> **YOUR OBJECTIVE**
Starting at the line that holds "('a list \<Rightarrow>" and stopping at the line that holds "using order_tendstoD(2)[OF rv[unfolded", restate the records below word for word, with both of those lines included.

> **EXCERPTED DATA**
━━━━━━━━━━━━━━━━
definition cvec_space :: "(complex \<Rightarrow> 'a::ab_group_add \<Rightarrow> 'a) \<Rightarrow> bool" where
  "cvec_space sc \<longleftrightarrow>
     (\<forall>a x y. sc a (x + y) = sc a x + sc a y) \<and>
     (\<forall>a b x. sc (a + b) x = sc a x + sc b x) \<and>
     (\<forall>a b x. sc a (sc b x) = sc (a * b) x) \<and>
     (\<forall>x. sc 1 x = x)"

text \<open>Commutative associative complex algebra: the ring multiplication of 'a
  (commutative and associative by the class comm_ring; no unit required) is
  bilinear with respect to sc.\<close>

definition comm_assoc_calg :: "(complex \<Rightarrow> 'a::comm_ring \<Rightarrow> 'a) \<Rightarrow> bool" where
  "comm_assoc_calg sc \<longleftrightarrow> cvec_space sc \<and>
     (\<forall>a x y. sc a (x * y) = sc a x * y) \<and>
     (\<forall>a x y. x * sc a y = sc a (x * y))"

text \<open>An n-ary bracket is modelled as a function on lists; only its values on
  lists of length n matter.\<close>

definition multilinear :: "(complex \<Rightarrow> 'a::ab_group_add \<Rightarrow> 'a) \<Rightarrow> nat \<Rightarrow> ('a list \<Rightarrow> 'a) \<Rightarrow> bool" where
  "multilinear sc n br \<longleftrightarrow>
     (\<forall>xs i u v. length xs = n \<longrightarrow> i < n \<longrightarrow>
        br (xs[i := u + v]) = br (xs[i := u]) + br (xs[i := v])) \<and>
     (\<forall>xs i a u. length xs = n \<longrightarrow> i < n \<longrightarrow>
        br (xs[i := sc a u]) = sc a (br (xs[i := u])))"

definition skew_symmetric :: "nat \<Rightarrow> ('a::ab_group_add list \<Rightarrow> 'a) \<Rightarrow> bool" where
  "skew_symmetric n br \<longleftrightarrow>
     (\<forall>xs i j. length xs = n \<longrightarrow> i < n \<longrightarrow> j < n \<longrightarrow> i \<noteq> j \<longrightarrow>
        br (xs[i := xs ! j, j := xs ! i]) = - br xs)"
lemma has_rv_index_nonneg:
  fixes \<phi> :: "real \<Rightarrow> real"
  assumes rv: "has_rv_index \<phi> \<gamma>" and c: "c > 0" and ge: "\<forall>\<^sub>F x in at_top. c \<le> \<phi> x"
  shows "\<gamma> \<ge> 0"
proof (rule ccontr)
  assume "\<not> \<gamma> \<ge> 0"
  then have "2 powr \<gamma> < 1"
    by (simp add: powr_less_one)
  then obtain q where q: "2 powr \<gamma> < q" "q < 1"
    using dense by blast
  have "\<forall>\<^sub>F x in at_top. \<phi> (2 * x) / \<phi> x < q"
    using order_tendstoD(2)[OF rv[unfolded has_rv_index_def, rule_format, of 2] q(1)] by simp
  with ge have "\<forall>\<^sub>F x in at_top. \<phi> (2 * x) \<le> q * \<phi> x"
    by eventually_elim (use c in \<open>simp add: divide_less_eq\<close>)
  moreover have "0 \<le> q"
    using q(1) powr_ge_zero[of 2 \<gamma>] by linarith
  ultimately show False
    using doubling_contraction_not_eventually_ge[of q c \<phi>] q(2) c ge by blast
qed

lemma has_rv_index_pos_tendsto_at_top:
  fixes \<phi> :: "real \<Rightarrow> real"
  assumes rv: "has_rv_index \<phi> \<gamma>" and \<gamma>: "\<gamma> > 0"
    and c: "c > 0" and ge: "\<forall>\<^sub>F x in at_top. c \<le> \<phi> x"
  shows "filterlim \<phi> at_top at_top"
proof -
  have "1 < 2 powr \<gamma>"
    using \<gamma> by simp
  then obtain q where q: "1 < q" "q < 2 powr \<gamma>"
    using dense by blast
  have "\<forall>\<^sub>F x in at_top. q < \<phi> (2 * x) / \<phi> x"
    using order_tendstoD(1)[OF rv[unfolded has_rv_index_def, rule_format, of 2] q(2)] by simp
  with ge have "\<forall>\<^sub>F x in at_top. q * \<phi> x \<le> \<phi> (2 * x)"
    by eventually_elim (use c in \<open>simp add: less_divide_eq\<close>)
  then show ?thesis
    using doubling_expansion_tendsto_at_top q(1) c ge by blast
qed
━━━━━━━━━━━━━━━━
> **WRITTEN ANSWER**
definition multilinear :: "(complex \<Rightarrow> 'a::ab_group_add \<Rightarrow> 'a) \<Rightarrow> nat \<Rightarrow> ('a list \<Rightarrow> 'a) \<Rightarrow> bool" where
  "multilinear sc n br \<longleftrightarrow>
     (\<forall>xs i u v. length xs = n \<longrightarrow> i < n \<longrightarrow>
        br (xs[i := u + v]) = br (xs[i := u]) + br (xs[i := v])) \<and>
     (\<forall>xs i a u. length xs = n \<longrightarrow> i < n \<longrightarrow>
        br (xs[i := sc a u]) = sc a (br (xs[i := u])))"

definition skew_symmetric :: "nat \<Rightarrow> ('a::ab_group_add list \<Rightarrow> 'a) \<Rightarrow> bool" where
  "skew_symmetric n br \<longleftrightarrow>
     (\<forall>xs i j. length xs = n \<longrightarrow> i < n \<longrightarrow> j < n \<longrightarrow> i \<noteq> j \<longrightarrow>
        br (xs[i := xs ! j, j := xs ! i]) = - br xs)"
lemma has_rv_index_nonneg:
  fixes \<phi> :: "real \<Rightarrow> real"
  assumes rv: "has_rv_index \<phi> \<gamma>" and c: "c > 0" and ge: "\<forall>\<^sub>F x in at_top. c \<le> \<phi> x"
  shows "\<gamma> \<ge> 0"
proof (rule ccontr)
  assume "\<not> \<gamma> \<ge> 0"
  then have "2 powr \<gamma> < 1"
    by (simp add: powr_less_one)
  then obtain q where q: "2 powr \<gamma> < q" "q < 1"
    using dense by blast
  have "\<forall>\<^sub>F x in at_top. \<phi> (2 * x) / \<phi> x < q"
    using order_tendstoD(2)[OF rv[unfolded has_rv_index_def, rule_format, of 2] q(1)] by simp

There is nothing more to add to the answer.